Since each line must match the original, copy out the records with no differences at all.

——

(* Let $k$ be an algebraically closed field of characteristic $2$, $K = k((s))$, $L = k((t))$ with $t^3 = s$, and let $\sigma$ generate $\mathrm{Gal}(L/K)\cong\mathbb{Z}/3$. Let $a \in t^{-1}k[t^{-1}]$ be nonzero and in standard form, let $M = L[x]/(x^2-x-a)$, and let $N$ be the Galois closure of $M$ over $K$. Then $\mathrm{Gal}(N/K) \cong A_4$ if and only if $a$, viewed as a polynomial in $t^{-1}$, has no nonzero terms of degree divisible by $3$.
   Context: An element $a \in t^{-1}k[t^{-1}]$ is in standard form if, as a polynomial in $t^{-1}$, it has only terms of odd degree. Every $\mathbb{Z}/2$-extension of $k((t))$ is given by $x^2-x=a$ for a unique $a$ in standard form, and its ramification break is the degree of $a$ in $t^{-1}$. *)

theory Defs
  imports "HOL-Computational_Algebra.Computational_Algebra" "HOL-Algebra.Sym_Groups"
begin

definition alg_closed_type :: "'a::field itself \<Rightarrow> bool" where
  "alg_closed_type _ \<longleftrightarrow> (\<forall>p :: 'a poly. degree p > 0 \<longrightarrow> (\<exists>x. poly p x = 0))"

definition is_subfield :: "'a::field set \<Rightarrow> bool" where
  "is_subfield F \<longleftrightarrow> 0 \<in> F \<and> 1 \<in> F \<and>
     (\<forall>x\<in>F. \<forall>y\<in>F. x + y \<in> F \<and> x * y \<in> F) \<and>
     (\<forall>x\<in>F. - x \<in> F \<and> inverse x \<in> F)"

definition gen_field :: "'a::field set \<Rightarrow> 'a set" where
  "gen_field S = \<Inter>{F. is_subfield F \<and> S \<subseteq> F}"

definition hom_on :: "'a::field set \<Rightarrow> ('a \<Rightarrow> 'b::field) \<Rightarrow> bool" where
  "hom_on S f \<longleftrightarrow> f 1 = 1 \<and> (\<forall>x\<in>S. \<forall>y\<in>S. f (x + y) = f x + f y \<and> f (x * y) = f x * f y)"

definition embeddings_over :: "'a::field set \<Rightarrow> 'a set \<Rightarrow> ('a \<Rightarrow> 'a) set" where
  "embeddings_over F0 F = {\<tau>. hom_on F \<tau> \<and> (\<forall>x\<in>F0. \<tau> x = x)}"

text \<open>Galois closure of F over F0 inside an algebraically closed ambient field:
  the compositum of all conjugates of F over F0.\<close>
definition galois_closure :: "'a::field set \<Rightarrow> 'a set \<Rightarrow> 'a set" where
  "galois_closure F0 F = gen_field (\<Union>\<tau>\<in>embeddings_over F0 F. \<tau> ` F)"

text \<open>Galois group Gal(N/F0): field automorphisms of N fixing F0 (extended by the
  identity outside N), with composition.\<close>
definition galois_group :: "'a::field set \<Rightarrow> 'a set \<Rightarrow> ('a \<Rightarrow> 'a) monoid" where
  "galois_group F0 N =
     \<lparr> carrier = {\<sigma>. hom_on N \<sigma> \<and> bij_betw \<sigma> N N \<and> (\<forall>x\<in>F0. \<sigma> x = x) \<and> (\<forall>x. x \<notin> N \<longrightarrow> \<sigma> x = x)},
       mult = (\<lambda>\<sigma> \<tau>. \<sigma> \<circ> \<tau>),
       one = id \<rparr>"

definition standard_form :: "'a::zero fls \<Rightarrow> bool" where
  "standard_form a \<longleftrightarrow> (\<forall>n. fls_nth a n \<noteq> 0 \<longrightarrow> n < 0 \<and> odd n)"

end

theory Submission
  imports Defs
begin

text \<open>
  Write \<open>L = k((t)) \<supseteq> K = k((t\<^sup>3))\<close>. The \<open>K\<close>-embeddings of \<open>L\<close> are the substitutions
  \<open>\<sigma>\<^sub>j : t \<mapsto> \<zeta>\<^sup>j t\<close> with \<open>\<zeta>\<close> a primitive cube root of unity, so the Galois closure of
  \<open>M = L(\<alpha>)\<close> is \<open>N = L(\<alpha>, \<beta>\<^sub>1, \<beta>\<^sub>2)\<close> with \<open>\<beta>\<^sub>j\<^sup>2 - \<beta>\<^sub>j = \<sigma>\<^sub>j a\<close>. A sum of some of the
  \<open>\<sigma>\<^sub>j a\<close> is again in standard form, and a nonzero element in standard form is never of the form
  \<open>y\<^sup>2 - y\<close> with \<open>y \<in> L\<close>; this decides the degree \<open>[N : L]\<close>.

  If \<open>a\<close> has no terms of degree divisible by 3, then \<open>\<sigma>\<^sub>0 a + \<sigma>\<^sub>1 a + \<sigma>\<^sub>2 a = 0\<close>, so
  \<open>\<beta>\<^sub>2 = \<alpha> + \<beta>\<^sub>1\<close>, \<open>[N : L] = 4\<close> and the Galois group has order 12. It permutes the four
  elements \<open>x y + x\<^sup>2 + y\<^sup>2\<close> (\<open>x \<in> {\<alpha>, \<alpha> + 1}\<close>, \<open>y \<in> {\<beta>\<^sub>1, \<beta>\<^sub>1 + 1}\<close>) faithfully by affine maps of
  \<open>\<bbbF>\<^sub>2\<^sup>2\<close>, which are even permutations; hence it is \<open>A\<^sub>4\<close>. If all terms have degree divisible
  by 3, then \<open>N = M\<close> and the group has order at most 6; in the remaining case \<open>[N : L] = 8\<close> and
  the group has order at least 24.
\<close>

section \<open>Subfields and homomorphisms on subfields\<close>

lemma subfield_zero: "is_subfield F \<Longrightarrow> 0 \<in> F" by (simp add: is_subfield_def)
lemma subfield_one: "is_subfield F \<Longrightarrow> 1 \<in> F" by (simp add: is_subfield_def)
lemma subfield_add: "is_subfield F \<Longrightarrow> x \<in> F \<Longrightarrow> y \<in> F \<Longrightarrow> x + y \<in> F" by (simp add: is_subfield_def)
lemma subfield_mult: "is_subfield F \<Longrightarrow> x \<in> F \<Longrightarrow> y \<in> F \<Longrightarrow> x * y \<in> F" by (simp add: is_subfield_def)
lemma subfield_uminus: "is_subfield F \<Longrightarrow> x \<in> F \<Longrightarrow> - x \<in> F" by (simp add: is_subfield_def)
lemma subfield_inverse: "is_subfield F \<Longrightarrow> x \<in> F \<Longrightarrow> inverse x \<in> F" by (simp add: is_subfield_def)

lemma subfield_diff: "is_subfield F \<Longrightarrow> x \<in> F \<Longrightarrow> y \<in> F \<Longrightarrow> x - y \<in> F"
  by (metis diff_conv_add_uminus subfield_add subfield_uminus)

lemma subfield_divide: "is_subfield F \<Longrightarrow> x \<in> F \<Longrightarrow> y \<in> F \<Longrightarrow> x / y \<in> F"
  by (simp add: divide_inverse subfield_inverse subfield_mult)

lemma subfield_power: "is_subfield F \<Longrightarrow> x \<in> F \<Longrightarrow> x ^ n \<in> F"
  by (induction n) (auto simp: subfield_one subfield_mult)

——

Solution to the problem:
(* Let $k$ be an algebraically closed field of characteristic $2$, $K = k((s))$, $L = k((t))$ with $t^3 = s$, and let $\sigma$ generate $\mathrm{Gal}(L/K)\cong\mathbb{Z}/3$. Let $a \in t^{-1}k[t^{-1}]$ be nonzero and in standard form, let $M = L[x]/(x^2-x-a)$, and let $N$ be the Galois closure of $M$ over $K$. Then $\mathrm{Gal}(N/K) \cong A_4$ if and only if $a$, viewed as a polynomial in $t^{-1}$, has no nonzero terms of degree divisible by $3$.
   Context: An element $a \in t^{-1}k[t^{-1}]$ is in standard form if, as a polynomial in $t^{-1}$, it has only terms of odd degree. Every $\mathbb{Z}/2$-extension of $k((t))$ is given by $x^2-x=a$ for a unique $a$ in standard form, and its ramification break is the degree of $a$ in $t^{-1}$. *)

theory Defs
  imports "HOL-Computational_Algebra.Computational_Algebra" "HOL-Algebra.Sym_Groups"
begin

definition alg_closed_type :: "'a::field itself \<Rightarrow> bool" where
  "alg_closed_type _ \<longleftrightarrow> (\<forall>p :: 'a poly. degree p > 0 \<longrightarrow> (\<exists>x. poly p x = 0))"

definition is_subfield :: "'a::field set \<Rightarrow> bool" where
  "is_subfield F \<longleftrightarrow> 0 \<in> F \<and> 1 \<in> F \<and>
     (\<forall>x\<in>F. \<forall>y\<in>F. x + y \<in> F \<and> x * y \<in> F) \<and>
     (\<forall>x\<in>F. - x \<in> F \<and> inverse x \<in> F)"

definition gen_field :: "'a::field set \<Rightarrow> 'a set" where
  "gen_field S = \<Inter>{F. is_subfield F \<and> S \<subseteq> F}"

definition hom_on :: "'a::field set \<Rightarrow> ('a \<Rightarrow> 'b::field) \<Rightarrow> bool" where
  "hom_on S f \<longleftrightarrow> f 1 = 1 \<and> (\<forall>x\<in>S. \<forall>y\<in>S. f (x + y) = f x + f y \<and> f (x * y) = f x * f y)"

definition embeddings_over :: "'a::field set \<Rightarrow> 'a set \<Rightarrow> ('a \<Rightarrow> 'a) set" where
  "embeddings_over F0 F = {\<tau>. hom_on F \<tau> \<and> (\<forall>x\<in>F0. \<tau> x = x)}"

text \<open>Galois closure of F over F0 inside an algebraically closed ambient field:
  the compositum of all conjugates of F over F0.\<close>
definition galois_closure :: "'a::field set \<Rightarrow> 'a set \<Rightarrow> 'a set" where
  "galois_closure F0 F = gen_field (\<Union>\<tau>\<in>embeddings_over F0 F. \<tau> ` F)"

text \<open>Galois group Gal(N/F0): field automorphisms of N fixing F0 (extended by the
  identity outside N), with composition.\<close>
definition galois_group :: "'a::field set \<Rightarrow> 'a set \<Rightarrow> ('a \<Rightarrow> 'a) monoid" where
  "galois_group F0 N =
     \<lparr> carrier = {\<sigma>. hom_on N \<sigma> \<and> bij_betw \<sigma> N N \<and> (\<forall>x\<in>F0. \<sigma> x = x) \<and> (\<forall>x. x \<notin> N \<longrightarrow> \<sigma> x = x)},
       mult = (\<lambda>\<sigma> \<tau>. \<sigma> \<circ> \<tau>),
       one = id \<rparr>"

definition standard_form :: "'a::zero fls \<Rightarrow> bool" where
  "standard_form a \<longleftrightarrow> (\<forall>n. fls_nth a n \<noteq> 0 \<longrightarrow> n < 0 \<and> odd n)"

end

theory Submission
  imports Defs
begin

text \<open>
  Write \<open>L = k((t)) \<supseteq> K = k((t\<^sup>3))\<close>. The \<open>K\<close>-embeddings of \<open>L\<close> are the substitutions
  \<open>\<sigma>\<^sub>j : t \<mapsto> \<zeta>\<^sup>j t\<close> with \<open>\<zeta>\<close> a primitive cube root of unity, so the Galois closure of
  \<open>M = L(\<alpha>)\<close> is \<open>N = L(\<alpha>, \<beta>\<^sub>1, \<beta>\<^sub>2)\<close> with \<open>\<beta>\<^sub>j\<^sup>2 - \<beta>\<^sub>j = \<sigma>\<^sub>j a\<close>. A sum of some of the
  \<open>\<sigma>\<^sub>j a\<close> is again in standard form, and a nonzero element in standard form is never of the form
  \<open>y\<^sup>2 - y\<close> with \<open>y \<in> L\<close>; this decides the degree \<open>[N : L]\<close>.

  If \<open>a\<close> has no terms of degree divisible by 3, then \<open>\<sigma>\<^sub>0 a + \<sigma>\<^sub>1 a + \<sigma>\<^sub>2 a = 0\<close>, so
  \<open>\<beta>\<^sub>2 = \<alpha> + \<beta>\<^sub>1\<close>, \<open>[N : L] = 4\<close> and the Galois group has order 12. It permutes the four
  elements \<open>x y + x\<^sup>2 + y\<^sup>2\<close> (\<open>x \<in> {\<alpha>, \<alpha> + 1}\<close>, \<open>y \<in> {\<beta>\<^sub>1, \<beta>\<^sub>1 + 1}\<close>) faithfully by affine maps of
  \<open>\<bbbF>\<^sub>2\<^sup>2\<close>, which are even permutations; hence it is \<open>A\<^sub>4\<close>. If all terms have degree divisible
  by 3, then \<open>N = M\<close> and the group has order at most 6; in the remaining case \<open>[N : L] = 8\<close> and
  the group has order at least 24.
\<close>

section \<open>Subfields and homomorphisms on subfields\<close>

lemma subfield_zero: "is_subfield F \<Longrightarrow> 0 \<in> F" by (simp add: is_subfield_def)
lemma subfield_one: "is_subfield F \<Longrightarrow> 1 \<in> F" by (simp add: is_subfield_def)
lemma subfield_add: "is_subfield F \<Longrightarrow> x \<in> F \<Longrightarrow> y \<in> F \<Longrightarrow> x + y \<in> F" by (simp add: is_subfield_def)
lemma subfield_mult: "is_subfield F \<Longrightarrow> x \<in> F \<Longrightarrow> y \<in> F \<Longrightarrow> x * y \<in> F" by (simp add: is_subfield_def)
lemma subfield_uminus: "is_subfield F \<Longrightarrow> x \<in> F \<Longrightarrow> - x \<in> F" by (simp add: is_subfield_def)
lemma subfield_inverse: "is_subfield F \<Longrightarrow> x \<in> F \<Longrightarrow> inverse x \<in> F" by (simp add: is_subfield_def)

lemma subfield_diff: "is_subfield F \<Longrightarrow> x \<in> F \<Longrightarrow> y \<in> F \<Longrightarrow> x - y \<in> F"
  by (metis diff_conv_add_uminus subfield_add subfield_uminus)

lemma subfield_divide: "is_subfield F \<Longrightarrow> x \<in> F \<Longrightarrow> y \<in> F \<Longrightarrow> x / y \<in> F"
  by (simp add: divide_inverse subfield_inverse subfield_mult)

lemma subfield_power: "is_subfield F \<Longrightarrow> x \<in> F \<Longrightarrow> x ^ n \<in> F"
  by (induction n) (auto simp: subfield_one subfield_mult)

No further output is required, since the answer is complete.